— Activity —
Copy out the entries exactly, from the first line to the last.

Dataset entries:
(* Let $g\in C(S^{n-1})$ be a continuous non-negative function on the sphere $S^{n-1}$, and let $U(x)\equiv|x|\,g\big(\frac{x}{|x|}\big)$ be its extension to a function on $\mathbb{R}^n$ homogeneous of degree $1$. Then $U$ is convex on $\mathbb{R}^n$ if and only if $\mathrm{Hess}\,g+gI\ge0$ on $S^{n-1}$ in the viscosity sense.
   Context: $\mathrm{Hess}\,g$ is the Riemannian Hessian on the round unit sphere and $I$ the identity (metric) on $TS^{n-1}$. The viscosity inequality means: for every $\sigma\in S^{n-1}$ and every $C^2$ function $\psi$ near $\sigma$ with $g\le\psi$ near $\sigma$ and $g(\sigma)=\psi(\sigma)$, one has $\mathrm{Hess}_\sigma\psi+\psi(\sigma)I\ge0$ as a quadratic form on $T_\sigma S^{n-1}$. ($U(0)=0$.) *)

theory Defs
  imports "HOL-Analysis.Analysis"
begin

definition C2_on :: "'a::euclidean_space set \<Rightarrow> ('a \<Rightarrow> real) \<Rightarrow> bool" where
  "C2_on W F \<longleftrightarrow> (\<exists>(D :: 'a \<Rightarrow> 'a \<Rightarrow>\<^sub>L real) (D2 :: 'a \<Rightarrow> 'a \<Rightarrow>\<^sub>L ('a \<Rightarrow>\<^sub>L real)).
      (\<forall>x\<in>W. (F has_derivative blinfun_apply (D x)) (at x)) \<and>
      (\<forall>x\<in>W. (D has_derivative blinfun_apply (D2 x)) (at x)) \<and>
      continuous_on W D2)"

text \<open>A function on the unit sphere is C^2 near sigma: it agrees, on the sphere near sigma,
  with a C^2 function on an open neighbourhood of sigma in the ambient space
  (the sphere being an embedded submanifold).\<close>
definition C2_near_on_sphere :: "('a::euclidean_space \<Rightarrow> real) \<Rightarrow> 'a \<Rightarrow> bool" where
  "C2_near_on_sphere \<psi> \<sigma> \<longleftrightarrow>
     (\<exists>W F. open W \<and> \<sigma> \<in> W \<and> C2_on W F \<and> (\<forall>x\<in>W \<inter> sphere 0 1. F x = \<psi> x))"

text \<open>Exponential map of the round unit sphere at sigma, applied to t*v (v tangent at sigma).\<close>
definition sphere_exp :: "'a::euclidean_space \<Rightarrow> 'a \<Rightarrow> real \<Rightarrow> 'a" where
  "sphere_exp \<sigma> v t = cos (t * norm v) *\<^sub>R \<sigma> + sin (t * norm v) *\<^sub>R (v /\<^sub>R norm v)"

text \<open>Riemannian Hessian quadratic form Hess_sigma psi (v,v) on the round sphere:
  second derivative of psi along the geodesic t \<mapsto> exp_sigma(t v) at t = 0.\<close>
definition sphere_hess :: "('a::euclidean_space \<Rightarrow> real) \<Rightarrow> 'a \<Rightarrow> 'a \<Rightarrow> real" where
  "sphere_hess \<psi> \<sigma> v = deriv (deriv (\<lambda>t. \<psi> (sphere_exp \<sigma> v t))) 0"

definition viscosity_hess_plus_id_nonneg :: "('a::euclidean_space \<Rightarrow> real) \<Rightarrow> bool" where
  "viscosity_hess_plus_id_nonneg g \<longleftrightarrow>
     (\<forall>\<sigma>\<in>sphere 0 1. \<forall>\<psi>. C2_near_on_sphere \<psi> \<sigma> \<and>
        (\<exists>e>0. \<forall>\<tau>\<in>sphere 0 1. dist \<tau> \<sigma> < e \<longrightarrow> g \<tau> \<le> \<psi> \<tau>) \<and> g \<sigma> = \<psi> \<sigma>
        \<longrightarrow> (\<forall>v. v \<bullet> \<sigma> = 0 \<longrightarrow> sphere_hess \<psi> \<sigma> v + \<psi> \<sigma> * (norm v)\<^sup>2 \<ge> 0))"

end

(*
  A function U positively homogeneous of degree 1 is convex iff it is convex along every line;
  lines through 0 are harmless for g \<ge> 0, and by homogeneity every other line may be taken of the
  form s \<mapsto> e + s w with e, w orthonormal, on which U restricts to the degree-1 extension of g
  along a great circle.

  If U is convex and \<psi> touches g from above at \<sigma>, convexity of U on the chord through the points
  at parameters t and -t of the geodesic with initial velocity v gives
  \<psi>(\<gamma> t) + \<psi>(\<gamma> (-t)) \<ge> 2 cos (t |v|) \<psi>(\<sigma>); its second-order term at t = 0 is
  Hess \<psi> (v, v) + \<psi>(\<sigma>) |v|\<^sup>2.

  Conversely, if U rose above a chord of s \<mapsto> U (e + s w), maximize U minus the chord plus
  \<epsilon> |y| minus a penalty M |y\<^sub>\<perp>|\<^sup>2 / |y| (y\<^sub>\<perp> the component orthogonal to e, w) over a slab of
  the hyperplane y \<bullet> e = 1. Since g is merely continuous, the penalty is what keeps the maximum off
  the sides of the slab. By homogeneity the maximum yields the test function
  -\<epsilon> + p \<bullet> \<tau> + M |\<tau>\<^sub>\<perp>|\<^sup>2 touching g from above on the sphere, and along the great circle through
  e and w its Hess + \<psi> I is -(\<epsilon> + M |\<sigma>\<^sub>\<perp>|\<^sup>2) |v|\<^sup>2 < 0.
*)
theory Submission
  imports Defs
begin

definition homog_ext :: "('a::real_normed_vector \<Rightarrow> real) \<Rightarrow> 'a \<Rightarrow> real" where
  "homog_ext g x = norm x * g (x /\<^sub>R norm x)"

lemma homog_ext_scaleR:
  assumes "0 \<le> c"
  shows "homog_ext g (c *\<^sub>R x) = c * homog_ext g x"
proof (cases "c = 0 \<or> x = 0")
  case False
  then have "(c *\<^sub>R x) /\<^sub>R norm (c *\<^sub>R x) = x /\<^sub>R norm x"
    using assms by (simp add: divide_inverse_commute)
  then have "homog_ext g (c *\<^sub>R x) = norm (c *\<^sub>R x) * g (x /\<^sub>R norm x)"
    by (simp only: homog_ext_def)
  then show ?thesis
    using assms by (simp add: homog_ext_def)
qed (auto simp: homog_ext_def)

lemma homog_ext_sphere: "norm x = 1 \<Longrightarrow> homog_ext g x = g x"
  by (simp add: homog_ext_def)

lemma homog_ext_nonneg:
  assumes "\<forall>\<sigma>\<in>sphere 0 1. 0 \<le> g \<sigma>"
  shows "0 \<le> homog_ext g x"
  using assms by (cases "x = 0") (simp_all add: homog_ext_def)

lemma continuous_on_homog_ext:
  assumes "continuous_on (sphere 0 1) g"
  shows "continuous_on (- {0}) (homog_ext g)"
proof -
  have "continuous_on (- {0}) (\<lambda>x::'a. g (x /\<^sub>R norm x))"
    by (rule continuous_on_compose2[OF assms])
      (auto intro!: continuous_intros simp: divide_simps split: if_splits)
  then show ?thesis
    unfolding homog_ext_def[abs_def] by (intro continuous_intros)
qed

lemma has_real_derivative_compose_curve:
  fixes F :: "'a::real_normed_vector \<Rightarrow> real"
  assumes "(F has_derivative F') (at (\<gamma> t))" "(\<gamma> has_vector_derivative \<gamma>') (at t)"
  shows "((\<lambda>t. F (\<gamma> t)) has_real_derivative F' \<gamma>') (at t)"
proof -
  have "((\<lambda>t. F (\<gamma> t)) has_derivative (\<lambda>h. F' (h *\<^sub>R \<gamma>'))) (at t)"
    using has_derivative_compose[OF assms(2)[unfolded has_vector_derivative_def] assms(1)] .
  moreover have "F' (h *\<^sub>R \<gamma>') = h * F' \<gamma>'" for h
    using linear_scale[OF has_derivative_linear[OF assms(1)]] by simp
  ultimately show ?thesis
    by (simp add: has_real_derivative_iff_has_vector_derivative has_vector_derivative_def)
qed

— Answer to this problem —
(* Let $g\in C(S^{n-1})$ be a continuous non-negative function on the sphere $S^{n-1}$, and let $U(x)\equiv|x|\,g\big(\frac{x}{|x|}\big)$ be its extension to a function on $\mathbb{R}^n$ homogeneous of degree $1$. Then $U$ is convex on $\mathbb{R}^n$ if and only if $\mathrm{Hess}\,g+gI\ge0$ on $S^{n-1}$ in the viscosity sense.
   Context: $\mathrm{Hess}\,g$ is the Riemannian Hessian on the round unit sphere and $I$ the identity (metric) on $TS^{n-1}$. The viscosity inequality means: for every $\sigma\in S^{n-1}$ and every $C^2$ function $\psi$ near $\sigma$ with $g\le\psi$ near $\sigma$ and $g(\sigma)=\psi(\sigma)$, one has $\mathrm{Hess}_\sigma\psi+\psi(\sigma)I\ge0$ as a quadratic form on $T_\sigma S^{n-1}$. ($U(0)=0$.) *)

theory Defs
  imports "HOL-Analysis.Analysis"
begin

definition C2_on :: "'a::euclidean_space set \<Rightarrow> ('a \<Rightarrow> real) \<Rightarrow> bool" where
  "C2_on W F \<longleftrightarrow> (\<exists>(D :: 'a \<Rightarrow> 'a \<Rightarrow>\<^sub>L real) (D2 :: 'a \<Rightarrow> 'a \<Rightarrow>\<^sub>L ('a \<Rightarrow>\<^sub>L real)).
      (\<forall>x\<in>W. (F has_derivative blinfun_apply (D x)) (at x)) \<and>
      (\<forall>x\<in>W. (D has_derivative blinfun_apply (D2 x)) (at x)) \<and>
      continuous_on W D2)"

text \<open>A function on the unit sphere is C^2 near sigma: it agrees, on the sphere near sigma,
  with a C^2 function on an open neighbourhood of sigma in the ambient space
  (the sphere being an embedded submanifold).\<close>
definition C2_near_on_sphere :: "('a::euclidean_space \<Rightarrow> real) \<Rightarrow> 'a \<Rightarrow> bool" where
  "C2_near_on_sphere \<psi> \<sigma> \<longleftrightarrow>
     (\<exists>W F. open W \<and> \<sigma> \<in> W \<and> C2_on W F \<and> (\<forall>x\<in>W \<inter> sphere 0 1. F x = \<psi> x))"

text \<open>Exponential map of the round unit sphere at sigma, applied to t*v (v tangent at sigma).\<close>
definition sphere_exp :: "'a::euclidean_space \<Rightarrow> 'a \<Rightarrow> real \<Rightarrow> 'a" where
  "sphere_exp \<sigma> v t = cos (t * norm v) *\<^sub>R \<sigma> + sin (t * norm v) *\<^sub>R (v /\<^sub>R norm v)"

text \<open>Riemannian Hessian quadratic form Hess_sigma psi (v,v) on the round sphere:
  second derivative of psi along the geodesic t \<mapsto> exp_sigma(t v) at t = 0.\<close>
definition sphere_hess :: "('a::euclidean_space \<Rightarrow> real) \<Rightarrow> 'a \<Rightarrow> 'a \<Rightarrow> real" where
  "sphere_hess \<psi> \<sigma> v = deriv (deriv (\<lambda>t. \<psi> (sphere_exp \<sigma> v t))) 0"

definition viscosity_hess_plus_id_nonneg :: "('a::euclidean_space \<Rightarrow> real) \<Rightarrow> bool" where
  "viscosity_hess_plus_id_nonneg g \<longleftrightarrow>
     (\<forall>\<sigma>\<in>sphere 0 1. \<forall>\<psi>. C2_near_on_sphere \<psi> \<sigma> \<and>
        (\<exists>e>0. \<forall>\<tau>\<in>sphere 0 1. dist \<tau> \<sigma> < e \<longrightarrow> g \<tau> \<le> \<psi> \<tau>) \<and> g \<sigma> = \<psi> \<sigma>
        \<longrightarrow> (\<forall>v. v \<bullet> \<sigma> = 0 \<longrightarrow> sphere_hess \<psi> \<sigma> v + \<psi> \<sigma> * (norm v)\<^sup>2 \<ge> 0))"

end

(*
  A function U positively homogeneous of degree 1 is convex iff it is convex along every line;
  lines through 0 are harmless for g \<ge> 0, and by homogeneity every other line may be taken of the
  form s \<mapsto> e + s w with e, w orthonormal, on which U restricts to the degree-1 extension of g
  along a great circle.

  If U is convex and \<psi> touches g from above at \<sigma>, convexity of U on the chord through the points
  at parameters t and -t of the geodesic with initial velocity v gives
  \<psi>(\<gamma> t) + \<psi>(\<gamma> (-t)) \<ge> 2 cos (t |v|) \<psi>(\<sigma>); its second-order term at t = 0 is
  Hess \<psi> (v, v) + \<psi>(\<sigma>) |v|\<^sup>2.

  Conversely, if U rose above a chord of s \<mapsto> U (e + s w), maximize U minus the chord plus
  \<epsilon> |y| minus a penalty M |y\<^sub>\<perp>|\<^sup>2 / |y| (y\<^sub>\<perp> the component orthogonal to e, w) over a slab of
  the hyperplane y \<bullet> e = 1. Since g is merely continuous, the penalty is what keeps the maximum off
  the sides of the slab. By homogeneity the maximum yields the test function
  -\<epsilon> + p \<bullet> \<tau> + M |\<tau>\<^sub>\<perp>|\<^sup>2 touching g from above on the sphere, and along the great circle through
  e and w its Hess + \<psi> I is -(\<epsilon> + M |\<sigma>\<^sub>\<perp>|\<^sup>2) |v|\<^sup>2 < 0.
*)
theory Submission
  imports Defs
begin

definition homog_ext :: "('a::real_normed_vector \<Rightarrow> real) \<Rightarrow> 'a \<Rightarrow> real" where
  "homog_ext g x = norm x * g (x /\<^sub>R norm x)"

lemma homog_ext_scaleR:
  assumes "0 \<le> c"
  shows "homog_ext g (c *\<^sub>R x) = c * homog_ext g x"
proof (cases "c = 0 \<or> x = 0")
  case False
  then have "(c *\<^sub>R x) /\<^sub>R norm (c *\<^sub>R x) = x /\<^sub>R norm x"
    using assms by (simp add: divide_inverse_commute)
  then have "homog_ext g (c *\<^sub>R x) = norm (c *\<^sub>R x) * g (x /\<^sub>R norm x)"
    by (simp only: homog_ext_def)
  then show ?thesis
    using assms by (simp add: homog_ext_def)
qed (auto simp: homog_ext_def)

lemma homog_ext_sphere: "norm x = 1 \<Longrightarrow> homog_ext g x = g x"
  by (simp add: homog_ext_def)

lemma homog_ext_nonneg:
  assumes "\<forall>\<sigma>\<in>sphere 0 1. 0 \<le> g \<sigma>"
  shows "0 \<le> homog_ext g x"
  using assms by (cases "x = 0") (simp_all add: homog_ext_def)

lemma continuous_on_homog_ext:
  assumes "continuous_on (sphere 0 1) g"
  shows "continuous_on (- {0}) (homog_ext g)"
proof -
  have "continuous_on (- {0}) (\<lambda>x::'a. g (x /\<^sub>R norm x))"
    by (rule continuous_on_compose2[OF assms])
      (auto intro!: continuous_intros simp: divide_simps split: if_splits)
  then show ?thesis
    unfolding homog_ext_def[abs_def] by (intro continuous_intros)
qed

lemma has_real_derivative_compose_curve:
  fixes F :: "'a::real_normed_vector \<Rightarrow> real"
  assumes "(F has_derivative F') (at (\<gamma> t))" "(\<gamma> has_vector_derivative \<gamma>') (at t)"
  shows "((\<lambda>t. F (\<gamma> t)) has_real_derivative F' \<gamma>') (at t)"
proof -
  have "((\<lambda>t. F (\<gamma> t)) has_derivative (\<lambda>h. F' (h *\<^sub>R \<gamma>'))) (at t)"
    using has_derivative_compose[OF assms(2)[unfolded has_vector_derivative_def] assms(1)] .
  moreover have "F' (h *\<^sub>R \<gamma>') = h * F' \<gamma>'" for h
    using linear_scale[OF has_derivative_linear[OF assms(1)]] by simp
  ultimately show ?thesis
    by (simp add: has_real_derivative_iff_has_vector_derivative has_vector_derivative_def)
qed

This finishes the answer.